Wednesday, 17 August 2011

burke and hare

You know, I have to say I found Burke and Hare more than a little disappointing.

It's difficult to really pin it down to one single thing, but if I was forced to do so it would be that it just wasn't funny enough. Comedy, of course, is a very subjective thing, but generally I like black comedy's, which this is - it could hardly be anything else, given its subject matter of two people murdering to feed the need for cadavers for medical training purposes.

There are of course many changes and omissions to the actual story. For example, some of the more unpalatable murdering of children is totally excised.

Additions include threads being added involving something akin to organised crime and the production of a play. I have to say, many of these, to me, seemed a little un-necessary and rather like the writer scrabbling around to add in more traditional narrative elements or to give elements of redemption to the characters, who were actually thoroughly unpleasant.

They also weren't particularly well developed, with the organised crime bit being rather slap-dash and not making a lot of sense. And I didn't get the whole photographing of corpses idea - why was that useful? And why, wanting to avoid spoilers, did the bit at the end happen, when they do what they do to the photos?

I also have to say that the Bill Bailey role of opening and closing narration felt a little ham-fisted to me. There were a few nice gags in his bits, but they felt very artificial and the into especially was something of an info dump, which is never a good way to start a film.

But as I say, the real failure was the humour. I dunno, it seemed to not want to tread too far was the problem. So it's a black comedy and you expect to be laughing at things that aren't really pleasant, yet it seemed to shy away from really going for it. So there seemed to be a lot of bits where they cut away or skipped ahead when really showing more of it and/or making the murders much more farcical would have given greater laughs.

With this being a John Landis film I was expecting it to be a little more gory too, and for laughs to come from that, but, while there were some gory bits, they weren't really played for laughs much and there weren't as many as I was expecting.

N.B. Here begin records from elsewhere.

(* Consider the equation $$u_t+u_{xxxxx}+B(t)u_{xxx}+uu_{xxx}+E(t)uu_x+F\,u_xu_{xx}+Q(t)u=0 \qquad (2)$$ where $F$ is a nonzero constant and $B,E,Q$ are smooth functions of $t$. Then a vector field $\mathbf v=\tau\partial_t+\xi\partial_x+\eta\partial_u$ generates a Lie point symmetry group of (2) if and only if $$\tau=k_2t+k_3,\qquad \xi=\tfrac{k_2}{5}x+\delta(t),\qquad \eta=\sigma(t)-\tfrac{2k_2}{5}u$$ for constants $k_2,k_3$ and smooth functions $\delta(t),\sigma(t)$ satisfying $$5(k_2t+k_3)B_t+2k_2B+5\sigma=0,\quad (k_2t+k_3)E_t+\tfrac{2k_2}{5}E=0,\quad \sigma E-\delta_t=0,\quad \sigma Q+\sigma_t=0,\quad (k_2t+k_3)Q_t+k_2Q=0 .$$
   Context: Lie point symmetries are determined by Lie's classical infinitesimal invariance criterion: the fifth prolongation of $\mathbf v$ applied to the left-hand side of (2) must vanish on solutions of (2). *)

theory Defs
  imports "HOL-Analysis.Analysis"
begin

definition partial_dir :: "'a::euclidean_space \<Rightarrow> ('a \<Rightarrow> real) \<Rightarrow> 'a \<Rightarrow> real" where
  "partial_dir v f p = deriv (\<lambda>s. f (p + s *\<^sub>R v)) 0"

fun iter_partials :: "'a::euclidean_space list \<Rightarrow> ('a \<Rightarrow> real) \<Rightarrow> 'a \<Rightarrow> real" where
  "iter_partials [] f = f"
| "iter_partials (v # vs) f = partial_dir v (iter_partials vs f)"

definition smooth_fun :: "('a::euclidean_space \<Rightarrow> real) \<Rightarrow> bool" where
  "smooth_fun f \<longleftrightarrow> (\<forall>vs. set vs \<subseteq> Basis \<longrightarrow> (\<forall>p. iter_partials vs f differentiable (at p)))"

definition pt :: "(real \<times> real \<Rightarrow> real) \<Rightarrow> real \<times> real \<Rightarrow> real" where
  "pt = partial_dir (1, 0)"

definition px :: "(real \<times> real \<Rightarrow> real) \<Rightarrow> real \<times> real \<Rightarrow> real" where
  "px = partial_dir (0, 1)"

definition pxn :: "nat \<Rightarrow> (real \<times> real \<Rightarrow> real) \<Rightarrow> real \<times> real \<Rightarrow> real" where
  "pxn n = iter_partials (replicate n (0, 1))"

definition along :: "(real \<times> real \<times> real \<Rightarrow> real) \<Rightarrow> (real \<times> real \<Rightarrow> real) \<Rightarrow> real \<times> real \<Rightarrow> real" where
  "along g U p = g (fst p, snd p, U p)"

definition char_fn ::
  "(real \<times> real \<times> real \<Rightarrow> real) \<Rightarrow> (real \<times> real \<times> real \<Rightarrow> real) \<Rightarrow> (real \<times> real \<times> real \<Rightarrow> real)
   \<Rightarrow> (real \<times> real \<Rightarrow> real) \<Rightarrow> real \<times> real \<Rightarrow> real" where
  "char_fn \<tau> \<xi> \<eta> U = (\<lambda>p. along \<eta> U p - along \<tau> U p * pt U p - along \<xi> U p * px U p)"

text \<open>Prolongation coefficient eta^J = D_J W + tau u_{J,t} + xi u_{J,x}; the multi-index J
  is given as a list of the directions (1,0) (for t) and (0,1) (for x).\<close>
definition prol_coeff ::
  "(real \<times> real \<times> real \<Rightarrow> real) \<Rightarrow> (real \<times> real \<times> real \<Rightarrow> real) \<Rightarrow> (real \<times> real \<times> real \<Rightarrow> real)
   \<Rightarrow> (real \<times> real) list \<Rightarrow> (real \<times> real \<Rightarrow> real) \<Rightarrow> real \<times> real \<Rightarrow> real" where
  "prol_coeff \<tau> \<xi> \<eta> J U p =
     iter_partials J (char_fn \<tau> \<xi> \<eta> U) p
     + along \<tau> U p * pt (iter_partials J U) p + along \<xi> U p * px (iter_partials J U) p"

definition eq2_lhs ::
  "(real \<Rightarrow> real) \<Rightarrow> (real \<Rightarrow> real) \<Rightarrow> real \<Rightarrow> (real \<Rightarrow> real) \<Rightarrow> (real \<times> real \<Rightarrow> real) \<Rightarrow> real \<times> real \<Rightarrow> real" where
  "eq2_lhs B E F Q U p =
     (let t = fst p in
      pt U p + pxn 5 U p + B t * pxn 3 U p + U p * pxn 3 U p + E t * U p * px U p
      + F * px U p * pxn 2 U p + Q t * U p)"

text \<open>pr^(5) v applied to the left-hand side of (2), evaluated at the 5-jet of u at p:
  tau dDelta/dt + xi dDelta/dx + eta dDelta/du + sum_J eta^J dDelta/du_J.\<close>
definition eq2_prolonged ::
  "(real \<Rightarrow> real) \<Rightarrow> (real \<Rightarrow> real) \<Rightarrow> real \<Rightarrow> (real \<Rightarrow> real)
   \<Rightarrow> (real \<times> real \<times> real \<Rightarrow> real) \<Rightarrow> (real \<times> real \<times> real \<Rightarrow> real) \<Rightarrow> (real \<times> real \<times> real \<Rightarrow> real)
   \<Rightarrow> (real \<times> real \<Rightarrow> real) \<Rightarrow> real \<times> real \<Rightarrow> real" where
  "eq2_prolonged B E F Q \<tau> \<xi> \<eta> U p =
     (let t = fst p; u = U p; ux = px U p; uxx = pxn 2 U p; uxxx = pxn 3 U p;
          eJ = (\<lambda>J. prol_coeff \<tau> \<xi> \<eta> J U p) in
      along \<tau> U p * (deriv B t * uxxx + deriv E t * u * ux + deriv Q t * u)
      + along \<xi> U p * 0
      + along \<eta> U p * (uxxx + E t * ux + Q t)
      + eJ [(1, 0)]
      + eJ (replicate 5 (0, 1))
      + (B t + u) * eJ (replicate 3 (0, 1))
      + (E t * u + F * uxx) * eJ [(0, 1)]
      + F * ux * eJ (replicate 2 (0, 1)))"

text \<open>Lie's infinitesimal invariance criterion: pr^(5) v (Delta) vanishes at every 5-jet
  lying on Delta = 0. Every 5-jet is the jet of a smooth (indeed polynomial) u at a point,
  so we quantify over smooth u and points p where Delta[u](p) = 0.\<close>
definition lie_symmetry_eq2 ::
  "(real \<Rightarrow> real) \<Rightarrow> (real \<Rightarrow> real) \<Rightarrow> real \<Rightarrow> (real \<Rightarrow> real)
   \<Rightarrow> (real \<times> real \<times> real \<Rightarrow> real) \<Rightarrow> (real \<times> real \<times> real \<Rightarrow> real) \<Rightarrow> (real \<times> real \<times> real \<Rightarrow> real) \<Rightarrow> bool" where
  "lie_symmetry_eq2 B E F Q \<tau> \<xi> \<eta> \<longleftrightarrow>
     (\<forall>U. smooth_fun U \<longrightarrow>
        (\<forall>p. eq2_lhs B E F Q U p = 0 \<longrightarrow> eq2_prolonged B E F Q \<tau> \<xi> \<eta> U p = 0))"
(* Let $p,q,r,n$ be integers with $r\ge 0$, $q\ge 2$, $p-q=2r+1$, $n=p+q$, and suppose $q\ge 2r+1$. Then the integrality gap of the clique-web inequality with parameters $n,p,q,r$ is at most $2$, i.e. $\mathrm{sdp}(\mathrm{CW}^r_p,-e)/\mathrm{ip}(\mathrm{CW}^r_p,-e)\le 2$.
   Context: For integers $p,r$ with $p\ge 2r+3$, the antiweb $\mathrm{AW}^r_p$ is the graph on $[p]$ with edges $\{i,i+s\}$ for $i\in[p]$, $1\le s\le r$ (indices mod $p$); the web $\mathrm{W}^r_p$ is its complement in $K_p$. With $p,q,r,n$ as in the claim, $\mathrm{CW}^r_p$ is the graph on $[n]$ consisting of a clique on $\{1,\dots,q\}$, a copy of $\mathrm{W}^r_p$ on $\{q+1,\dots,n\}$, and all edges $ij$ with $1\le i\le q<j\le n$. The clique-web inequality is $-\sum_{ij\in E(\mathrm{CW}^r_p)}x_{ij}\le q(r+1)$. For a graph $G=([n],E)$ and $w\in\mathbb{R}^E$, $\mathrm{ip}(G,w)=\max_{x\in\{\pm1\}^n}\sum_{ij\in E}w_{ij}x_ix_j$ and $\mathrm{sdp}(G,w)=\max\sum_{ij\in E}w_{ij}u_i^Tu_j$ over unit vectors $u_i\in\mathbb{R}^n$; $e$ denotes the all-ones vector in $\mathbb{R}^{E(\mathrm{CW}^r_p)}$. The integrality gap of the clique-web inequality is $\mathrm{sdp}(\mathrm{CW}^r_p,-e)/\mathrm{ip}(\mathrm{CW}^r_p,-e)$, where $\mathrm{ip}(\mathrm{CW}^r_p,-e)=q(r+1)$. *)

theory Defs
  imports Complex_Main "HOL-Library.FuncSet"
begin

text \<open>Graphs on vertex set [n] = {1..n} are given by edge sets of ordered pairs (i,j) with i < j,
  each pair representing the undirected edge ij.\<close>

definition edge :: "nat \<Rightarrow> nat \<Rightarrow> nat \<times> nat" where
  "edge i j = (min i j, max i j)"

definition antiweb :: "nat \<Rightarrow> nat \<Rightarrow> (nat \<times> nat) set" where
  "antiweb p r = {edge i (((i + s - 1) mod p) + 1) | i s. i \<in> {1..p} \<and> 1 \<le> s \<and> s \<le> r}"

definition web :: "nat \<Rightarrow> nat \<Rightarrow> (nat \<times> nat) set" where
  "web p r = {(i, j). 1 \<le> i \<and> i < j \<and> j \<le> p} - antiweb p r"

definition clique_web :: "nat \<Rightarrow> nat \<Rightarrow> nat \<Rightarrow> (nat \<times> nat) set" where
  "clique_web p q r =
     {(i, j). 1 \<le> i \<and> i < j \<and> j \<le> q}
   \<union> {(i + q, j + q) | i j. (i, j) \<in> web p r}
   \<union> {(i, j). 1 \<le> i \<and> i \<le> q \<and> q < j \<and> j \<le> p + q}"

definition ip :: "nat \<Rightarrow> (nat \<times> nat) set \<Rightarrow> (nat \<times> nat \<Rightarrow> real) \<Rightarrow> real" where
  "ip n E w = Max {(\<Sum>(i, j)\<in>E. w (i, j) * x i * x j) | x.
                    x \<in> {1..n} \<rightarrow>\<^sub>E {-1, 1}}"

definition sdp :: "nat \<Rightarrow> (nat \<times> nat) set \<Rightarrow> (nat \<times> nat \<Rightarrow> real) \<Rightarrow> real" where
  "sdp n E w = Sup {(\<Sum>(i, j)\<in>E. w (i, j) * (\<Sum>k<n. u i k * u j k)) | u.
                     \<forall>i\<in>{1..n}. (\<Sum>k<n. (u i k)\<^sup>2) = 1}"

end

theory Submission
  imports Defs
begin

text \<open>The clique-web graph is \<open>K\<^sub>n\<close> minus a copy of the antiweb \<open>AW\<^sup>r\<^sub>p\<close>, which has \<open>p r\<close> edges.
  For unit vectors \<open>u\<^sub>i\<close> the pair sum \<open>\<Sum>\<^sub>i\<^sub><\<^sub>j u\<^sub>i\<^sup>T u\<^sub>j = (\<parallel>\<Sum>\<^sub>i u\<^sub>i\<parallel>\<^sup>2 - n) / 2\<close> is at least \<open>-n/2\<close>, and each
  removed edge contributes at most \<open>1\<close>, so \<open>sdp \<le> n/2 + p r\<close>. The cut separating the clique from
  the web gives \<open>ip \<ge> q (r + 1)\<close>, and \<open>n/2 + p r \<le> 2 q (r + 1)\<close> is equivalent to
  \<open>(q - 2r - 1)(r + 1) + r + 1/2 \<ge> 0\<close>.\<close>

definition complete_edges :: "nat \<Rightarrow> (nat \<times> nat) set" where
  "complete_edges n = {(i, j). 1 \<le> i \<and> i < j \<and> j \<le> n}"

lemma finite_complete_edges: "finite (complete_edges n)"
  by (rule finite_subset[of _ "{1..n} \<times> {1..n}"]) (auto simp: complete_edges_def)

lemma complete_edges_Suc:
  "complete_edges (Suc n) = complete_edges n \<union> (\<lambda>i. (i, Suc n)) ` {1..n}"
  unfolding complete_edges_def by auto

lemma sum_complete_edges_products:
  fixes a :: "nat \<Rightarrow> real"
  shows "(\<Sum>(i, j)\<in>complete_edges n. a i * a j) = ((\<Sum>i=1..n. a i)\<^sup>2 - (\<Sum>i=1..n. (a i)\<^sup>2)) / 2"
proof (induction n)
  case 0
  have "complete_edges 0 = {}" by (auto simp: complete_edges_def)
  then show ?case by simp
next
  case (Suc n)
  have "(\<Sum>(i, j)\<in>complete_edges (Suc n). a i * a j)
      = (\<Sum>(i, j)\<in>complete_edges n. a i * a j) + (\<Sum>(i, j)\<in>(\<lambda>i. (i, Suc n)) ` {1..n}. a i * a j)"
    unfolding complete_edges_Suc
    by (rule sum.union_disjoint) (auto simp: finite_complete_edges, auto simp: complete_edges_def)
  also have "(\<Sum>(i, j)\<in>(\<lambda>i. (i, Suc n)) ` {1..n}. a i * a j) = (\<Sum>i=1..n. a i) * a (Suc n)"
    by (subst sum.reindex) (auto simp: inj_on_def sum_distrib_right)
  finally show ?case
    using Suc by (simp add: power2_eq_square algebra_simps add_divide_distrib diff_divide_distrib)
qed

lemma mem_shift_image:
  fixes a b q :: nat
  shows "(a, b) \<in> (\<lambda>(i, j). (i + q, j + q)) ` S \<longleftrightarrow> q \<le> a \<and> q \<le> b \<and> (a - q, b - q) \<in> S"
proof
  assume "q \<le> a \<and> q \<le> b \<and> (a - q, b - q) \<in> S"
  then show "(a, b) \<in> (\<lambda>(i, j). (i + q, j + q)) ` S"
    by (intro image_eqI[of _ _ "(a - q, b - q)"]) auto
qed auto

definition antiweb_edge :: "nat \<Rightarrow> nat \<times> nat \<Rightarrow> nat \<times> nat" where
  "antiweb_edge p = (\<lambda>(i, s). edge i ((i + s - 1) mod p + 1))"

lemma antiweb_edge_eq:
  assumes "1 \<le> i" "i \<le> p" "1 \<le> s" "s < p"
  shows "antiweb_edge p (i, s) = (if i + s \<le> p then (i, i + s) else (i + s - p, i))"
proof (cases "i + s \<le> p")
  case True
  then show ?thesis using assms by (simp add: antiweb_edge_def edge_def)
next
  case False
  then have "(i + s - 1) mod p = i + s - 1 - p"
    using assms by (simp add: le_mod_geq)
  then show ?thesis using False assms by (simp add: antiweb_edge_def edge_def)
qed

lemma antiweb_eq_image: "antiweb p r = antiweb_edge p ` ({1..p} \<times> {1..r})"
  unfolding antiweb_def antiweb_edge_def image_def by fastforce

text \<open>For \<open>p = 2 s\<close> the offsets \<open>(i, s)\<close> and \<open>(i + s, s)\<close> give the same edge, hence \<open>2 r < p\<close>.\<close>
lemma inj_on_antiweb_edge:
  assumes "2 * r < p"
  shows "inj_on (antiweb_edge p) ({1..p} \<times> {1..r})"
proof (rule inj_onI)
  fix x y
  assume "x \<in> {1..p} \<times> {1..r}" "y \<in> {1..p} \<times> {1..r}" "antiweb_edge p x = antiweb_edge p y"
  with assms show "x = y"
    by (cases x; cases y) (simp add: antiweb_edge_eq split: if_splits; linarith)
qed

lemma card_antiweb: "2 * r < p \<Longrightarrow> card (antiweb p r) = p * r"
  unfolding antiweb_eq_image using card_image[OF inj_on_antiweb_edge] by simp

lemma antiweb_subset_complete_edges:
  assumes "r < p"
  shows "antiweb p r \<subseteq> complete_edges p"
proof
  fix e assume "e \<in> antiweb p r"
  then obtain i s where "i \<in> {1..p}" "s \<in> {1..r}" "e = antiweb_edge p (i, s)"
    unfolding antiweb_eq_image by auto
  with assms show "e \<in> complete_edges p" by (auto simp: antiweb_edge_eq complete_edges_def)
qed

definition shifted_antiweb :: "nat \<Rightarrow> nat \<Rightarrow> nat \<Rightarrow> (nat \<times> nat) set" where
  "shifted_antiweb p q r = (\<lambda>(i, j). (i + q, j + q)) ` antiweb p r"

lemma card_shifted_antiweb: "2 * r < p \<Longrightarrow> card (shifted_antiweb p q r) = p * r"
  unfolding shifted_antiweb_def
  by (subst card_image) (auto simp: inj_on_def card_antiweb)

lemma shifted_antiweb_subset_complete_edges:
  assumes "r < p"
  shows "shifted_antiweb p q r \<subseteq> complete_edges (p + q)"
  using antiweb_subset_complete_edges[OF assms]
  by (auto simp: shifted_antiweb_def complete_edges_def)

lemma clique_web_eq_complete_edges_diff:
  assumes "r < p"
  shows "clique_web p q r = complete_edges (p + q) - shifted_antiweb p q r"
proof -
  have "{(i + q, j + q) | i j. (i, j) \<in> web p r} = (\<lambda>(i, j). (i + q, j + q)) ` web p r"
    by auto
  then show ?thesis
    using antiweb_subset_complete_edges[OF assms]
    unfolding clique_web_def shifted_antiweb_def web_def complete_edges_def
    by (auto simp: mem_shift_image)
qed

lemma sum_products_le_one:
  fixes a b :: "nat \<Rightarrow> real"
  assumes "(\<Sum>k<m. (a k)\<^sup>2) = 1" "(\<Sum>k<m. (b k)\<^sup>2) = 1"
  shows "(\<Sum>k<m. a k * b k) \<le> 1"
proof -
  have "(\<Sum>k<m. a k * b k) \<le> (\<Sum>k<m. ((a k)\<^sup>2 + (b k)\<^sup>2) / 2)"
  proof (rule sum_mono)
    fix k
    have "0 \<le> (a k - b k)\<^sup>2" by simp
    then show "a k * b k \<le> ((a k)\<^sup>2 + (b k)\<^sup>2) / 2" by (simp add: power2_eq_square algebra_simps)
  qed
  also have "\<dots> = 1" using assms by (simp add: sum.distrib sum_divide_distrib[symmetric])
  finally show ?thesis .
qed

lemma sum_complete_edges_inner_ge:
  fixes u :: "nat \<Rightarrow> nat \<Rightarrow> real"
  assumes "\<forall>i\<in>{1..n}. (\<Sum>k<m. (u i k)\<^sup>2) = 1"
  shows "(\<Sum>(i, j)\<in>complete_edges n. \<Sum>k<m. u i k * u j k) \<ge> - real n / 2"
proof -
  have "(\<Sum>(i, j)\<in>complete_edges n. \<Sum>k<m. u i k * u j k)
      = (\<Sum>k<m. \<Sum>(i, j)\<in>complete_edges n. u i k * u j k)"
    by (simp add: split_def sum.swap[of _ "complete_edges n"])
  also have "\<dots> = (\<Sum>k<m. ((\<Sum>i=1..n. u i k)\<^sup>2 - (\<Sum>i=1..n. (u i k)\<^sup>2)) / 2)"
    by (simp add: sum_complete_edges_products)
  also have "\<dots> \<ge> (\<Sum>k<m. - (\<Sum>i=1..n. (u i k)\<^sup>2) / 2)"
    by (rule sum_mono) simp
  also have "(\<Sum>k<m. - (\<Sum>i=1..n. (u i k)\<^sup>2) / 2) = - (\<Sum>i=1..n. \<Sum>k<m. (u i k)\<^sup>2) / 2"
    by (simp add: sum_divide_distrib[symmetric] sum_negf sum.swap[of _ "{..<m}"])
  also have "(\<Sum>i=1..n. \<Sum>k<m. (u i k)\<^sup>2) = real n"
    using assms by simp
  finally show ?thesis by simp
qed

lemma sdp_complete_edges_diff_le:
  assumes "0 < n" "A \<subseteq> complete_edges n"
  shows "sdp n (complete_edges n - A) (\<lambda>_. -1) \<le> real n / 2 + real (card A)"
  unfolding sdp_def
proof (rule cSup_least)
  define e :: "nat \<Rightarrow> nat \<Rightarrow> real" where "e = (\<lambda>i k. if k = 0 then 1 else 0)"
  have "(\<Sum>k<n. (e i k)\<^sup>2) = (\<Sum>k<n. if k = 0 then 1 else 0)" for i
    by (intro sum.cong) (auto simp: e_def)
  then have "\<forall>i\<in>{1..n}. (\<Sum>k<n. (e i k)\<^sup>2) = 1"
    using assms(1) by simp
  then have "\<exists>u :: nat \<Rightarrow> nat \<Rightarrow> real. \<forall>i\<in>{1..n}. (\<Sum>k<n. (u i k)\<^sup>2) = 1"
    by blast
  then show "{\<Sum>(i, j)\<in>complete_edges n - A. (\<lambda>_. -1 :: real) (i, j) * (\<Sum>k<n. u i k * u j k) | u.
      \<forall>i\<in>{1..n}. (\<Sum>k<n. (u i k)\<^sup>2) = 1} \<noteq> {}"
    by auto
next
  fix y
  assume "y \<in> {\<Sum>(i, j)\<in>complete_edges n - A. (\<lambda>_. -1 :: real) (i, j) * (\<Sum>k<n. u i k * u j k) | u.
      \<forall>i\<in>{1..n}. (\<Sum>k<n. (u i k)\<^sup>2) = 1}"
  then obtain u where unit: "\<forall>i\<in>{1..n}. (\<Sum>k<n. (u i k)\<^sup>2) = 1"
    and y: "y = (\<Sum>(i, j)\<in>complete_edges n - A. - (\<Sum>k<n. u i k * u j k))"
    by auto
  define dot where "dot = (\<lambda>(i, j). \<Sum>k<n. u i k * u j k)"
  have "y = sum dot A - sum dot (complete_edges n)"
    unfolding y dot_def
    by (simp add: split_def sum_negf sum_diff[OF finite_complete_edges assms(2)])
  moreover have "sum dot (complete_edges n) \<ge> - real n / 2"
    using sum_complete_edges_inner_ge[OF unit] by (simp add: dot_def)
  moreover have "sum dot A \<le> real (card A) * 1"
  proof (rule sum_bounded_above)
    fix e assume "e \<in> A"
    then obtain i j where "e = (i, j)" "i \<in> {1..n}" "j \<in> {1..n}"
      using assms(2) by (auto simp: complete_edges_def)
    then show "dot e \<le> 1"
      using unit sum_products_le_one[where m = n and a = "u i" and b = "u j"] by (simp add: dot_def)
  qed
  ultimately show "y \<le> real n / 2 + real (card A)" by simp
qed

lemma le_ip:
  assumes "x \<in> {1..n} \<rightarrow>\<^sub>E {-1, 1}"
  shows "(\<Sum>(i, j)\<in>E. w (i, j) * x i * x j) \<le> ip n E w"
proof -
  let ?val = "\<lambda>x. \<Sum>(i, j)\<in>E. w (i, j) * x i * x j"
  have "{?val x | x. x \<in> {1..n} \<rightarrow>\<^sub>E {-1, 1}} = ?val ` ({1..n} \<rightarrow>\<^sub>E {-1, 1})"
    by auto
  moreover have "finite (?val ` ({1..n} \<rightarrow>\<^sub>E {-1, 1}))"
    by (intro finite_imageI finite_PiE) auto
  ultimately show ?thesis
    unfolding ip_def using assms by (simp add: Max_ge)
qed

lemma clique_web_cut_value:
  assumes "p = q + 2 * r + 1"
  defines "x \<equiv> restrict (\<lambda>i. if i \<le> q then -1 else 1 :: real) {1..p + q}"
  shows "(\<Sum>(i, j)\<in>clique_web p q r. - x i * x j) = real q * (real r + 1)"
proof -
  define f where "f = (\<lambda>(i, j). x i * x j)"
  have "r < p" "2 * r < p" using assms(1) by auto
  have "(\<Sum>(i, j)\<in>clique_web p q r. - x i * x j) = sum f (shifted_antiweb p q r) - sum f (complete_edges (p + q))"
    unfolding clique_web_eq_complete_edges_diff[OF \<open>r < p\<close>] f_def
    by (simp add: split_def sum_negf
        sum_diff[OF finite_complete_edges shifted_antiweb_subset_complete_edges[OF \<open>r < p\<close>]])
  moreover have "sum f (shifted_antiweb p q r) = real (p * r)"
  proof -
    have "f e = 1" if "e \<in> shifted_antiweb p q r" for e
      using that antiweb_subset_complete_edges[OF \<open>r < p\<close>]
      by (auto simp: shifted_antiweb_def complete_edges_def f_def x_def)
    then show ?thesis by (simp add: card_shifted_antiweb[OF \<open>2 * r < p\<close>])
  qed
  moreover have "sum f (complete_edges (p + q)) = ((real p - real q)\<^sup>2 - real (p + q)) / 2"
  proof -
    have "(\<Sum>i=1..m. if i \<le> q then -1 else 1 :: real) = real m - 2 * real (min m q)" for m
      by (induction m) (auto simp: min_def)
    then have "(\<Sum>i=1..p + q. x i) = real p - real q"
      by (simp add: x_def)
    moreover have "(\<Sum>i=1..p + q. (x i)\<^sup>2) = (\<Sum>i=1..p + q. 1)"
      by (intro sum.cong) (auto simp: x_def)
    ultimately show ?thesis
      unfolding f_def sum_complete_edges_products by simp
  qed
  ultimately show ?thesis
    using assms(1) by (simp add: power2_eq_square field_simps)
qed

theorem mainTheorem10:
  fixes p q r n :: nat
  assumes "q \<ge> 2" and "p = q + 2 * r + 1" and "n = p + q" and "q \<ge> 2 * r + 1"
  shows "sdp n (clique_web p q r) (\<lambda>_. -1) / ip n (clique_web p q r) (\<lambda>_. -1) \<le> 2"
proof -
  have "r < p" "2 * r < p" "0 < n" using assms(2,3) by auto
  define x where "x = restrict (\<lambda>i. if i \<le> q then -1 else 1 :: real) {1..n}"
  have "x \<in> {1..n} \<rightarrow>\<^sub>E {-1, 1}" by (auto simp: x_def)
  from le_ip[OF this, where E = "clique_web p q r" and w = "\<lambda>_. -1"]
  have ip: "real q * (real r + 1) \<le> ip n (clique_web p q r) (\<lambda>_. -1)"
    using clique_web_cut_value[OF assms(2)] by (simp add: x_def assms(3))
  have "shifted_antiweb p q r \<subseteq> complete_edges n"
    using shifted_antiweb_subset_complete_edges[OF \<open>r < p\<close>] assms(3) by simp
  from sdp_complete_edges_diff_le[OF \<open>0 < n\<close> this]
  have sdp: "sdp n (clique_web p q r) (\<lambda>_. -1) \<le> real n / 2 + real (p * r)"
    by (simp add: clique_web_eq_complete_edges_diff[OF \<open>r < p\<close>] card_shifted_antiweb[OF \<open>2 * r < p\<close>]
        assms(3))
  have "(real q - (2 * real r + 1)) * (real r + 1) \<ge> 0"
    using assms(4) by simp
  then have "real n / 2 + real (p * r) \<le> 2 * (real q * (real r + 1))"
    using assms(2,3) by (simp add: field_simps)
  moreover have "0 < real q * (real r + 1)" using assms(1) by simp
  ultimately show ?thesis
    using ip sdp by (simp add: divide_le_eq)
qed

end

It also didn't really seem to capitalise on some of the key bits. So "Burking" is a name that's been given to how they murdered people - suffocating and smothering them, yet most of the people we see being killed aren't really killed like that. We also don't really see them kill that many people.

It all just felt like a bit of a damp squib, which was a shame.

The DVD also lacked any extras at all - there were only trailers for other films.